Ne tür garantiler verebilirsiniz kadın haklarının korunacağına dair?

Biz kadınların çalışmasına, okumasına izin vereceğiz. Tabii ki kendi kurallarımız çerçevesinde. Kadınlar çok aktif olacak toplumda ama İslam çerçevesinde. Kadınların topluma dahil olması çok önemli. İslam gereğince kadınlara gerekeni her şekilde vereceğiz.

Amerikalılar için çalışan Afganistanların durumu ne olacak?

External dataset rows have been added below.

(* For $n\in\mathbb{N}$ and $M\in\mathbb{N}_0$, \[ \frac{2\pi}{12n-1}\sum_{k\ge M+1}\frac{\left|A_k^{[2]}(n,0)\right|}{k}I_2\left(\frac{\pi\sqrt{12n-1}}{3k}\right)\le f_M(n). \]
   Context: $I_2$ is the modified Bessel function of the first kind of order $2$. For $k\in\mathbb{N}$ and $0\le h<k$ with $\gcd(h,k)=1$, let $h'$ be an inverse of $h$ modulo $k$, and let $s(h,k):=\sum_{j=1}^{k-1}\left(\frac jk-\frac12\right)\left(\frac{hj}{k}-\left\lfloor\frac{hj}{k}\right\rfloor-\frac12\right)$ be the Dedekind sum. For integers $n,m$ define $A_k^{[2]}(n,m):=\sum_{0\le h<k,\ \gcd(h,k)=1}e^{2\pi i s(h,k)+\frac{2\pi i}{k}(nh+mh')}$. Finally \[ f_M(n):=\frac{\pi^5}{108}+\delta_{M\le\frac{\pi\sqrt{12n-1}}{3}-1}\frac{2\sqrt{6(M+1)}}{(12n-1)^{5/4}}\left(\frac{\pi\sqrt{12n-1}}{3}-M\right)e^{\frac{\pi\sqrt{12n-1}}{3(M+1)}}, \] where $\delta_S=1$ if the statement $S$ holds and $0$ otherwise. *)

theory Defs
  imports Complex_Main
begin

definition besselI2 :: "real \<Rightarrow> real" where
  "besselI2 x = (\<Sum>m. (x / 2) ^ (2 * m + 2) / (fact m * fact (m + 2)))"

definition dedekind_sum :: "int \<Rightarrow> nat \<Rightarrow> real" where
  "dedekind_sum h k = (\<Sum>j = 1..<k. (real j / real k - 1/2) *
      (real_of_int (h * int j) / real k - real_of_int \<lfloor>real_of_int (h * int j) / real k\<rfloor> - 1/2))"

text \<open>An inverse h' of h modulo k (chosen; the Kloosterman sum does not depend on the choice).\<close>
definition mod_inv :: "int \<Rightarrow> nat \<Rightarrow> int" where
  "mod_inv h k = (SOME h'. (h * h') mod int k = 1 mod int k)"

definition A2 :: "nat \<Rightarrow> int \<Rightarrow> int \<Rightarrow> complex" where
  "A2 k n m = (\<Sum>h\<in>{h. 0 \<le> h \<and> h < int k \<and> gcd h (int k) = 1}.
      exp (2 * pi * \<i> * complex_of_real (dedekind_sum h k)
           + 2 * pi * \<i> / of_nat k * of_int (n * h + m * mod_inv h k)))"

definition fM :: "nat \<Rightarrow> nat \<Rightarrow> real" where
  "fM M n = pi ^ 5 / 108 +
     (if real M \<le> pi * sqrt (12 * real n - 1) / 3 - 1 then
        2 * sqrt (6 * (real M + 1)) / (12 * real n - 1) powr (5/4)
        * (pi * sqrt (12 * real n - 1) / 3 - real M)
        * exp (pi * sqrt (12 * real n - 1) / (3 * (real M + 1)))
      else 0)"

end

theory Submission
  imports Defs "HOL-Analysis.Analysis"
begin

(* Since |A_k(n,0)| <= k, the k-th term is at most I_2(x/k) with x = pi sqrt(12n - 1) / 3.
   For k > x, I_2(t) <= t^2/6 on [0,1] and sum 1/k^2 = pi^2/6 bound the tail by pi^2 x^2 / 36,
   which contributes pi^5/162 <= pi^5/108.  The remaining at most x - M terms with k <= x are
   each at most I_2(T) <= sqrt(3/(8T)) e^T for T = x/(M+1); this gives the second summand of f_M. *)

lemma exp_real_sums: "(\<lambda>m. x ^ m / fact m) sums exp (x::real)"
  using exp_converges[of x] by (simp add: divide_inverse_commute scaleR_conv_of_real)

lemma besselI2_term_nonneg: "0 \<le> (t / 2) ^ (2 * m + 2) / (fact m * fact (m + 2) :: real)"
  by (intro divide_nonneg_nonneg zero_le_even_power) auto
(* If $(\gamma_0,\ldots,\gamma_{\lfloor d/2\rfloor})$ is an $f$-vector (i.e., the $f$-vector of some simplicial complex), then the $g$-vector $(g_0,\ldots,g_{\lfloor d/2\rfloor})$ is a pure $f$-vector (and hence a pure $M$-vector as well). In particular, $(h_0,\ldots,h_d)$ is an SI-sequence.
   Context: Let $(h_0,\ldots,h_d)\in\mathbb{Z}^{d+1}$ be a sequence of integers with $h_0 = 1$ and $h_i = h_{d-i}$ for each $0\leqslant i\leqslant d$. Consider the palindromic polynomial $h(x) = \sum_{i=0}^d h_i x^i$ and its $\gamma$-expansion $h(x) = \sum_{i=0}^{\lfloor d/2\rfloor} \gamma_i\, x^i(1+x)^{d-2i}$. The $g$-vector is $(g_0,\ldots,g_{\lfloor d/2\rfloor})$ with $g_0 = h_0 = 1$ and $g_i = h_i - h_{i-1}$ for $1\leqslant i\leqslant \lfloor d/2\rfloor$. A sequence is an $f$-vector if it is the $f$-vector $(f_0,f_1,\ldots)$ of a simplicial complex ($f_i$ = number of faces of cardinality $i$), and a pure $f$-vector if the complex can be taken pure; it is an $M$-vector if there is a multicomplex whose degree-$i$ monomials are counted by its $i$-th entry (pure $M$-vector if the multicomplex is pure). An SI-sequence is a sequence $(h_0,\ldots,h_d)$ with $h_0=1$, $h_i=h_{d-i}$, and whose $g$-vector is an $M$-vector. *)

theory Defs
  imports "HOL-Computational_Algebra.Polynomial" "HOL-Library.Multiset"
begin

text \<open>Finite sequences (a_0,...,a_k) are represented as functions nat => int
  together with the last index k.\<close>

definition simplicial_complex :: "nat set set \<Rightarrow> bool" where
  "simplicial_complex D \<longleftrightarrow> finite D \<and> D \<noteq> {} \<and> (\<forall>F\<in>D. finite F)
     \<and> (\<forall>F\<in>D. \<forall>G. G \<subseteq> F \<longrightarrow> G \<in> D)"

definition pure_complex :: "nat set set \<Rightarrow> bool" where
  "pure_complex D \<longleftrightarrow> (\<forall>F\<in>D. \<forall>G\<in>D.
      (\<not> (\<exists>H\<in>D. F \<subset> H)) \<and> (\<not> (\<exists>H\<in>D. G \<subset> H)) \<longrightarrow> card F = card G)"

definition has_f_vector :: "nat set set \<Rightarrow> (nat \<Rightarrow> int) \<Rightarrow> nat \<Rightarrow> bool" where
  "has_f_vector D f k \<longleftrightarrow> (\<forall>F\<in>D. card F \<le> k)
     \<and> (\<forall>i\<le>k. f i = int (card {F\<in>D. card F = i}))"

definition is_f_vector :: "(nat \<Rightarrow> int) \<Rightarrow> nat \<Rightarrow> bool" where
  "is_f_vector f k \<longleftrightarrow> (\<exists>D. simplicial_complex D \<and> has_f_vector D f k)"

definition is_pure_f_vector :: "(nat \<Rightarrow> int) \<Rightarrow> nat \<Rightarrow> bool" where
  "is_pure_f_vector f k \<longleftrightarrow> (\<exists>D. simplicial_complex D \<and> pure_complex D \<and> has_f_vector D f k)"
(* The assignment $\epsilon_\Gamma$ described in the context is a well-defined functor $\mathcal{G}(E_{\Gamma_S})\to\mathcal{G}(\Gamma_S)$: it is independent of the E-path representing an E-chain, $\epsilon_\Gamma(\mathfrak c)$ is a morphism of $\mathcal G(\Gamma_S)$ from $\mathfrak e_0$ to $\mathfrak e_n$ for $\mathfrak c=(\mathfrak e_0,\dots,\mathfrak e_n)$, it preserves composition, and it is the identity on objects (so its object map is an order isomorphism). Moreover it commutes with restriction: for every E-chain $\mathfrak c$ with domain $\mathfrak e_0$ and every $h\in E$ with $h\,\omega\, e_0$, $\epsilon_\Gamma(\mathfrak h{\downharpoonleft}\mathfrak c)=\mathfrak h{\downharpoonleft}\epsilon_\Gamma(\mathfrak c)$, where $\mathfrak h=(Sh,hS)$ and the right-hand restriction is $(\rho_{hw},\lambda_{w'h})$ if $\epsilon_\Gamma(\mathfrak c)=(\rho_w,\lambda_{w'})$.
   Context: Let $S$ be a regular semigroup and $E=E(S)$ its set of idempotents. On $E$: $e\,\omega^l f\iff ef=e$, $e\,\omega^r f\iff fe=e$, $\omega=\omega^l\cap\omega^r$; $\mathscr R,\mathscr L$ are Green's relations; $V(x)$ is the set of inverses of $x$. For $e,f\in E$ and $u\in eSf$ let $\rho(e,u,f)\colon Se\to Sf$, $t\mapsto tu$; for $w\in fSe$ let $\lambda(e,w,f)\colon eS\to fS$, $t\mapsto wt$. The groupoid $\mathcal{G}(\Gamma_S)$ has objects $\mathfrak e:=(Se,eS)$, $e\in E$, and morphisms from $(Se,eS)$ to $(Sf,fS)$ the pairs $(\rho_x,\lambda_{x'}):=(\rho(e,x,f),\lambda(e,x',f))$ with $x'\in V(x)$, $xx'=e$, $x'x=f$; composition $(\rho_x,\lambda_{x'})\ast(\rho_y,\lambda_{y'})=(\rho_{xy},\lambda_{y'x'})$; the restriction of $(\rho_x,\lambda_{x'})\colon\mathfrak e\to\mathfrak f$ to $\mathfrak g$ for $g\,\omega\,e$ is $(\rho_{gx},\lambda_{x'g})$. Let $E_{\Gamma_S}=\{(Se,eS):e\in E\}$, given the biordered-set structure transported from $E$ via $e\mapsto\mathfrak e$ (so $\mathfrak e\,\omega^l\,\mathfrak f$ iff $Se\subseteq Sf$, $\mathfrak e\,\omega^r\,\mathfrak f$ iff $eS\subseteq fS$, basic products $\mathfrak e\mathfrak f=(Sef,efS)$ when defined). An E-path is a finite sequence $(e_0,\dots,e_n)$ in $E$ with $e_{i-1}(\mathscr R\cup\mathscr L)e_i$ for all $i$; a vertex $e_i$ ($0<i<n$) is inessential if $e_{i-1}\mathscr R e_i\mathscr R e_{i+1}$ or $e_{i-1}\mathscr L e_i\mathscr L e_{i+1}$. E-chains are the classes of E-paths under the equivalence generated by inserting/deleting inessential vertices. $\mathcal G(E_{\Gamma_S})$ is the groupoid with objects $E_{\Gamma_S}$ and morphisms the E-chains $(\mathfrak e_0,\dots,\mathfrak e_n)$ from $\mathfrak e_0$ to $\mathfrak e_n$, with concatenation as composition. For an E-chain $\mathfrak c=(\mathfrak e_0,\dots,\mathfrak e_n)$ and $h\,\omega\, e_0$, $\mathfrak h{\downharpoonleft}\mathfrak c=\mathfrak h\cdot\mathfrak c:=(\mathfrak h,\mathfrak h_0,\mathfrak h_1,\dots,\mathfrak h_n)$ with $h_0=he_0$ and $h_i=e_ih_{i-1}e_i$. Define $\epsilon_\Gamma$ by $\epsilon_\Gamma(\mathfrak e)=\mathfrak e$ on objects and $\epsilon_\Gamma(\mathfrak e_0,\dots,\mathfrak e_n)=(\rho_w,\lambda_{w'})$ where $w=e_0e_1\cdots e_n$ and $w'=e_ne_{n-1}\cdots e_0$. *)

theory Defs
  imports Main
begin

definition regular_semigroup :: "'a::semigroup_mult itself \<Rightarrow> bool" where
  "regular_semigroup _ \<longleftrightarrow> (\<forall>x::'a. \<exists>y. x * y * x = x)"

definition idem :: "'a::semigroup_mult \<Rightarrow> bool" where
  "idem e \<longleftrightarrow> e * e = e"

definition inverse_of :: "'a::semigroup_mult \<Rightarrow> 'a \<Rightarrow> bool" where
  "inverse_of x' x \<longleftrightarrow> x * x' * x = x \<and> x' * x * x' = x'"

definition lideal1 :: "'a::semigroup_mult \<Rightarrow> 'a set" where
  "lideal1 x = insert x {s * x | s. True}"
definition rideal1 :: "'a::semigroup_mult \<Rightarrow> 'a set" where
  "rideal1 x = insert x {x * s | s. True}"

definition greenR :: "'a::semigroup_mult \<Rightarrow> 'a \<Rightarrow> bool" where
  "greenR x y \<longleftrightarrow> rideal1 x = rideal1 y"
definition greenL :: "'a::semigroup_mult \<Rightarrow> 'a \<Rightarrow> bool" where
  "greenL x y \<longleftrightarrow> lideal1 x = lideal1 y"

definition omega :: "'a::semigroup_mult \<Rightarrow> 'a \<Rightarrow> bool" where
  "omega e f \<longleftrightarrow> e * f = e \<and> f * e = e"

definition Sl :: "'a::semigroup_mult \<Rightarrow> 'a set" where
  "Sl e = {s * e | s. True}"
definition Sr :: "'a::semigroup_mult \<Rightarrow> 'a set" where
  "Sr e = {e * s | s. True}"

definition obj :: "'a::semigroup_mult \<Rightarrow> 'a set \<times> 'a set" where
  "obj e = (Sl e, Sr e)"

text \<open>A map is represented by (domain, codomain, function restricted to domain).\<close>
type_synonym 'a smap = "'a set \<times> 'a set \<times> ('a \<Rightarrow> 'a)"

definition rho :: "'a::semigroup_mult \<Rightarrow> 'a \<Rightarrow> 'a \<Rightarrow> 'a smap" where
  "rho e u f = (Sl e, Sl f, (\<lambda>t. if t \<in> Sl e then t * u else undefined))"
definition lam :: "'a::semigroup_mult \<Rightarrow> 'a \<Rightarrow> 'a \<Rightarrow> 'a smap" where
  "lam e w f = (Sr e, Sr f, (\<lambda>t. if t \<in> Sr e then w * t else undefined))"

type_synonym 'a gmor = "'a smap \<times> 'a smap"

text \<open>(rho_x, lambda_x') as a morphism from (Se,eS) to (Sf,fS).\<close>
definition gmor :: "'a::semigroup_mult \<Rightarrow> 'a \<Rightarrow> 'a \<Rightarrow> 'a \<Rightarrow> 'a gmor" where
  "gmor e x x' f = (rho e x f, lam e x' f)"

definition GMor :: "'a::semigroup_mult \<Rightarrow> 'a \<Rightarrow> 'a gmor set" where
  "GMor e f = {gmor e x x' f | x x'. inverse_of x' x \<and> x * x' = e \<and> x' * x = f}"

definition epath :: "'a::semigroup_mult list \<Rightarrow> bool" where
  "epath p \<longleftrightarrow> p \<noteq> [] \<and> (\<forall>x\<in>set p. idem x) \<and>
     (\<forall>i. Suc i < length p \<longrightarrow> greenR (p ! i) (p ! Suc i) \<or> greenL (p ! i) (p ! Suc i))"

definition del_inessential :: "'a::semigroup_mult list \<Rightarrow> 'a list \<Rightarrow> bool" where
  "del_inessential p q \<longleftrightarrow> epath p \<and>
     (\<exists>as x y z bs. p = as @ [x, y, z] @ bs \<and> q = as @ [x, z] @ bs \<and>
        ((greenR x y \<and> greenR y z) \<or> (greenL x y \<and> greenL y z)))"

definition echain_equiv :: "'a::semigroup_mult list \<Rightarrow> 'a list \<Rightarrow> bool" where
  "echain_equiv = (\<lambda>p q. del_inessential p q \<or> del_inessential q p)\<^sup>*\<^sup>*"

fun lprod :: "'a::semigroup_mult list \<Rightarrow> 'a" where
  "lprod [] = undefined"
| "lprod [x] = x"
| "lprod (x # y # xs) = x * lprod (y # xs)"

definition eps :: "'a::semigroup_mult list \<Rightarrow> 'a gmor" where
  "eps p = gmor (hd p) (lprod p) (lprod (rev p)) (last p)"

text \<open>Restriction h|c = (h, h_0, ..., h_n), h_0 = h e_0, h_i = e_i h_{i-1} e_i.\<close>
fun rseq :: "'a::semigroup_mult \<Rightarrow> 'a list \<Rightarrow> 'a list" where
  "rseq h [] = []"
| "rseq h (e # es) = (let h' = e * h * e in h' # rseq h' es)"

fun restr :: "'a::semigroup_mult \<Rightarrow> 'a list \<Rightarrow> 'a list" where
  "restr h [] = []"
| "restr h (e0 # es) = h # (h * e0) # rseq (h * e0) es"

end

theory Submission
  imports Defs
begin

text \<open>
  Consecutive vertices e, f of an E-path are R- or L-related idempotents, so e f e = e.
  Hence the products w = e_0 ... e_n and w' = e_n ... e_0 satisfy w w' = e_0 and w' w = e_n,
  which makes them mutually inverse. An inessential vertex y between x and z satisfies
  x y z = x z, so w and w' depend only on the E-chain, and gluing two paths at a common vertex
  multiplies their products because w e_n = w. For the restriction, the vertices
  h_i = e_i h_(i-1) e_i stay below e_i, consecutive ones are related exactly as e_(i-1), e_i are,
  and the products along the restricted path are h w and w' h. Finally, gmor e x x' f
  determines e x and x' e, so the representatives x, x' of a morphism equal to eps p are w
  and w' themselves.
\<close>

lemma rideal1_subset_iff: "rideal1 x \<subseteq> rideal1 y \<longleftrightarrow> x \<in> rideal1 y"
  unfolding rideal1_def by (auto simp: mult.assoc)

lemma lideal1_subset_iff: "lideal1 x \<subseteq> lideal1 y \<longleftrightarrow> x \<in> lideal1 y"
  unfolding lideal1_def by (auto simp: mult.assoc[symmetric])

lemma mem_rideal1_idem_iff: "idem x \<Longrightarrow> y \<in> rideal1 x \<longleftrightarrow> x * y = y"
  unfolding rideal1_def idem_def by (auto simp: mult.assoc[symmetric]) metis

lemma mem_lideal1_idem_iff: "idem x \<Longrightarrow> y \<in> lideal1 x \<longleftrightarrow> y * x = y"
  unfolding lideal1_def idem_def by (auto simp: mult.assoc) metis

lemma greenR_idem_iff: "idem x \<Longrightarrow> idem y \<Longrightarrow> greenR x y \<longleftrightarrow> x * y = y \<and> y * x = x"
  unfolding greenR_def by (auto simp: set_eq_subset rideal1_subset_iff mem_rideal1_idem_iff)

lemma greenL_idem_iff: "idem x \<Longrightarrow> idem y \<Longrightarrow> greenL x y \<longleftrightarrow> x * y = x \<and> y * x = y"
  unfolding greenL_def by (auto simp: set_eq_subset lideal1_subset_iff mem_lideal1_idem_iff)

definition greenRL :: "'a::semigroup_mult \<Rightarrow> 'a \<Rightarrow> bool" where
  "greenRL x y \<longleftrightarrow> greenR x y \<or> greenL x y"

lemma greenRL_commute: "greenRL x y \<longleftrightarrow> greenRL y x"
  unfolding greenRL_def greenR_def greenL_def by auto

lemma greenRL_sandwich:
  assumes "idem e" "idem f" "greenRL e f"
  shows "e * f * e = e"
  using assms(3) unfolding greenRL_def
proof
  assume "greenR e f"
  then show ?thesis using assms(1,2) by (simp add: greenR_idem_iff)
next
  assume "greenL e f"
  then show ?thesis using assms(1,2) by (simp add: greenL_idem_iff idem_def)
qed

lemma inessential_vertex_cancel:
  assumes "idem x" "idem y" "idem z" "(greenR x y \<and> greenR y z) \<or> (greenL x y \<and> greenL y z)"
  shows "x * y * z = x * z"
  using assms(4)
proof
  assume "greenR x y \<and> greenR y z"
  then have "y * z = z" using assms(2,3) by (simp add: greenR_idem_iff)
  then show ?thesis by (simp add: mult.assoc)
next
  assume "greenL x y \<and> greenL y z"
  then have "x * y = x" using assms(1,2) by (simp add: greenL_idem_iff)
  then show ?thesis by simp
qed

lemma omega_conjugate_greenRL:
  assumes g: "idem g" "omega g e" and ef: "idem e" "idem f" "greenRL e f"
  defines "g' \<equiv> f * g * f"
  shows "idem g'" "omega g' f" "greenRL g g'" "g * g' = g * f" "g' * g = f * g"
proof -
  have ge: "g * e = g" "e * g = g" using g(2) by (auto simp: omega_def)
  have ff: "f * f = f" and gg: "g * g = g" using ef(2) g(1) by (auto simp: idem_def)
  have gfg: "g * f * g = g"
  proof -
    have "g * f * g = (g * e) * f * (e * g)" using ge by simp
    also have "\<dots> = g * (e * f * e) * g" by (simp add: mult.assoc)
    also have "\<dots> = g" using greenRL_sandwich[OF ef] ge gg by (simp add: mult.assoc)
    finally show ?thesis .
  qed
  show gg': "g * g' = g * f" using gfg unfolding g'_def by (simp add: mult.assoc[symmetric])
  show g'g: "g' * g = f * g" using gfg unfolding g'_def by (simp add: mult.assoc)
  have g'f: "g' * f = g'" "f * g' = g'"
    using ff unfolding g'_def by (simp_all add: mult.assoc flip: mult.assoc[of f f])
  then show "omega g' f" unfolding omega_def by simp
  have "g' * g' = (g' * f) * g * f" unfolding g'_def by (simp add: mult.assoc)
  also have "\<dots> = g'" using g'f g'g unfolding g'_def by (simp add: mult.assoc)
  finally show "idem g'" unfolding idem_def .
  show "greenRL g g'"
    unfolding greenRL_def using ef(3)[unfolded greenRL_def]
  proof
    assume "greenR e f"
    then have "f * e = e" using ef(1,2) by (simp add: greenR_idem_iff)
    then have "f * g = g" using ge by (metis mult.assoc)
    then have "g' = g * f" unfolding g'_def by simp
    then have "greenR g g'"
      using greenR_idem_iff[OF g(1) \<open>idem g'\<close>] gg' g'g \<open>f * g = g\<close> by simp
    then show "greenR g g' \<or> greenL g g'" ..
  next
    assume "greenL e f"
    then have "e * f = e" using ef(1,2) by (simp add: greenL_idem_iff)
    then have "g * f = g" using ge by (metis mult.assoc)
    then have "g' = f * g" unfolding g'_def by (simp add: mult.assoc)
    then have "greenL g g'"
      using greenL_idem_iff[OF g(1) \<open>idem g'\<close>] gg' g'g \<open>g * f = g\<close> by simp
    then show "greenR g g' \<or> greenL g g'" ..
  qed
qed

lemma lprod_Cons: "xs \<noteq> [] \<Longrightarrow> lprod (x # xs) = x * lprod xs"
  by (cases xs) auto

lemma lprod_append: "xs \<noteq> [] \<Longrightarrow> ys \<noteq> [] \<Longrightarrow> lprod (xs @ ys) = lprod xs * lprod ys"
  by (induction xs rule: lprod.induct) (auto simp: lprod_Cons mult.assoc)

lemma lprod_rev_Cons: "xs \<noteq> [] \<Longrightarrow> lprod (rev (x # xs)) = lprod (rev xs) * x"
  by (simp add: lprod_append)

lemma hd_mult_lprod: "p \<noteq> [] \<Longrightarrow> idem (hd p) \<Longrightarrow> hd p * lprod p = lprod p"
  by (cases p rule: lprod.cases) (auto simp: idem_def mult.assoc[symmetric])
lemma exists_costly_instance:
  assumes alg: "randomized_alg M A"
    and budget: "\<forall>I. valid_instance I \<longrightarrow> exp_migration M A I \<le> ennreal (\<alpha> * total_size I)"
    and K: "1 \<le> K" and \<alpha>: "0 \<le> \<alpha>" "\<alpha> * real K \<le> 1 / 4" and \<beta>: "\<beta> < real K / 4"
  shows "\<exists>I. valid_instance I \<and> ennreal \<beta> * OPT I < exp_cost M A I"
proof (rule ccontr)
  assume not_costly: "\<not> ?thesis"
  define N where "N = K * K + 1"
  define T where "T = 1 + real K * real N"
  define F where "F = {S. S \<subseteq> {..<N} \<and> card S = K}"
  \<comment> \<open>\<open>ennreal\<close> truncates negative reals, so only \<open>max \<beta> 0\<close> converts back faithfully\<close>
  define \<beta>' where "\<beta>' = max \<beta> 0"
  define D where "D = real K - real K * (real K - 1) * (real K - 1) / (2 * (real N - 1))"
  let ?I = "adversary_instance K N T"
  have N: "2 \<le> N" using K unfolding N_def by (simp add: Suc_le_eq)
  have T: "1 < T" using K N unfolding T_def by simp
  have "K \<le> N" unfolding N_def using le_square[of K] by linarith
  then have F: "0 < card F" unfolding F_def by (simp add: n_subsets zero_less_binomial_iff)
  have cheap: "exp_cost M A (?I S) \<le> ennreal \<beta>' * OPT (?I S)" for S
  proof -
    have "exp_cost M A (?I S) \<le> ennreal \<beta> * OPT (?I S)"
      using not_costly T valid_adversary_instance[of T] by (meson not_less less_trans zero_less_one)
    also have "\<dots> \<le> ennreal \<beta>' * OPT (?I S)"
      unfolding \<beta>'_def by (intro mult_right_mono ennreal_leI) auto
    finally show ?thesis .
  qed
  have "ennreal ((T - 1) * (real (card F) * D))
      \<le> (\<Sum>S\<in>F. exp_cost M A (?I S)) + ennreal ((T - 1) * real K) * (\<Sum>S\<in>F. exp_migration M A (?I S))"
    using sum_card_image_subsets_ge[of "{..<N}"] N unfolding F_def D_def
    by (intro sum_exp_cost_adversary_instance_ge[OF alg K T]) auto
  also have "\<dots> \<le> ennreal (real (card F) * (\<beta>' * (real N + (T - 1)) + (T - 1) * \<alpha> * real N))"
    using cheap \<alpha>(1) unfolding F_def \<beta>'_def
    by (intro sum_exp_cost_adversary_instance_le[OF budget K T]) auto
  finally have "(T - 1) * (real (card F) * D)
      \<le> real (card F) * (\<beta>' * (real N + (T - 1)) + (T - 1) * \<alpha> * real N)"
    using T \<alpha>(1) by (subst (asm) ennreal_le_iff) (auto simp: \<beta>'_def)
  moreover have "\<beta>' * (real N + (T - 1)) + (T - 1) * \<alpha> * real N < (T - 1) * D"
    unfolding D_def using K \<alpha>(2) \<beta>
    by (intro adversary_parameters_inequality) (auto simp: \<beta>'_def N_def T_def)
  then have "real (card F) * (\<beta>' * (real N + (T - 1)) + (T - 1) * \<alpha> * real N)
      < (T - 1) * (real (card F) * D)"
    using F by (simp add: mult.left_commute)
  ultimately show False by linarith
qed

lemma exists_instance_with_positive_cost:
  assumes "randomized_alg M A"
  shows "\<exists>I. valid_instance I \<and> 0 < exp_cost M A I"
proof -
  let ?I = "adversary_instance 1 1 1 {}"
  have "1 \<le> nonempty_bins ?I Sc t" if "0 \<le> t" "t < 1" for Sc t
    using nonempty_bins_pos[of ?I 0 t Sc] that by (simp add: present_adversary_instance)
  then have "ennreal ((1 - 0) * real 1) \<le> cost ?I Sc" for Sc
    by (intro cost_ge_interval) auto
  then have "1 \<le> exp_cost M A ?I"
    using assms by (intro exp_cost_ge) (auto simp: valid_adversary_instance)
  then show ?thesis
    by (intro exI[of _ ?I]) (auto simp: valid_adversary_instance less_le_trans[OF zero_less_one])
qed

theorem theorem23:
  fixes M :: "'w measure" and A :: "'w \<Rightarrow> binst \<Rightarrow> schedule" and \<alpha> :: real
  assumes "0 < \<alpha>" and "\<alpha> < 1"
    and "randomized_alg M A"
    and "\<forall>I. valid_instance I \<longrightarrow> exp_migration M A I \<le> ennreal (\<alpha> * total_size I)"
  shows "\<forall>\<beta> < (1/4) * real_of_int \<lfloor>1 / (4 * \<alpha>)\<rfloor>.
           \<exists>I. valid_instance I \<and> ennreal \<beta> * OPT I < exp_cost M A I"
proof (intro allI impI)
  fix \<beta> :: real
  assume \<beta>: "\<beta> < (1/4) * real_of_int \<lfloor>1 / (4 * \<alpha>)\<rfloor>"
  define K where "K = nat \<lfloor>1 / (4 * \<alpha>)\<rfloor>"
  have K: "real K = real_of_int \<lfloor>1 / (4 * \<alpha>)\<rfloor>"
    using assms(1) by (simp add: K_def)
  have "\<alpha> * real K \<le> \<alpha> * (1 / (4 * \<alpha>))"
    unfolding K using assms(1) by (intro mult_left_mono) auto
  then have \<alpha>K: "\<alpha> * real K \<le> 1 / 4" using assms(1) by simp
  show "\<exists>I. valid_instance I \<and> ennreal \<beta> * OPT I < exp_cost M A I"
  proof (cases "K = 0")
    case True
    then have "ennreal \<beta> = 0" using \<beta> K by (simp add: ennreal_eq_0_iff)
    then show ?thesis using exists_instance_with_positive_cost[OF assms(3)] by simp
  next
    case False
    then show ?thesis
      using exists_costly_instance[OF assms(3,4) _ _ \<alpha>K] \<beta> K assms(1) by simp
  qed
qed

end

Tüm vatandaşlarımızı, çevirmen de olsanız, asker de olsanız, sivil de olsanız, hepinizi affediyoruz. Kimseye intikam öfkesiyle davranılmayacak, kimse hain ilan edilmeyecek. Bu ülkeden gitmenizi istemiyoruz. Burada kalmanızı, bize hizmet etmenizi istiyoruz. Kimsenin kapıları çalınmayacak, kimse sorguya tabi tutulmayacak. Hiçbirinize zarar gelmeyecek, güvende olacaksınız.

'BİZ HERKESİ AFFETTİK'

Şu anda insanların kapısını çalanlar suçludur. Onları da bulacağız, cezalarını alacaklar. Binlerce asker 20 yıl boyunca bize karşı savaştı. İşgal süreci bitince biz hepsini affettik. Aileleri havalimanında olanlar, bekleyenler, evlerinize dönerseniz kimse size bir şey yapmayacak, güvende olacaksınız. Hiç kimse öldürülmeyecek. Bizimle savaşan herkesi affediyoruz. Hiç kimseye bilerek şiddet uygulamadık. Savaş sırasında birilerine zarar geldiyse bunu bilerek yapmamışızdır; bu, savaşın yan etkileridir. Büyük bir işgal gücü vardı, biz bu gücü yendik. Bizim için ülkeyi böyle zararlar vermeden kurtarmak mümkün değildi.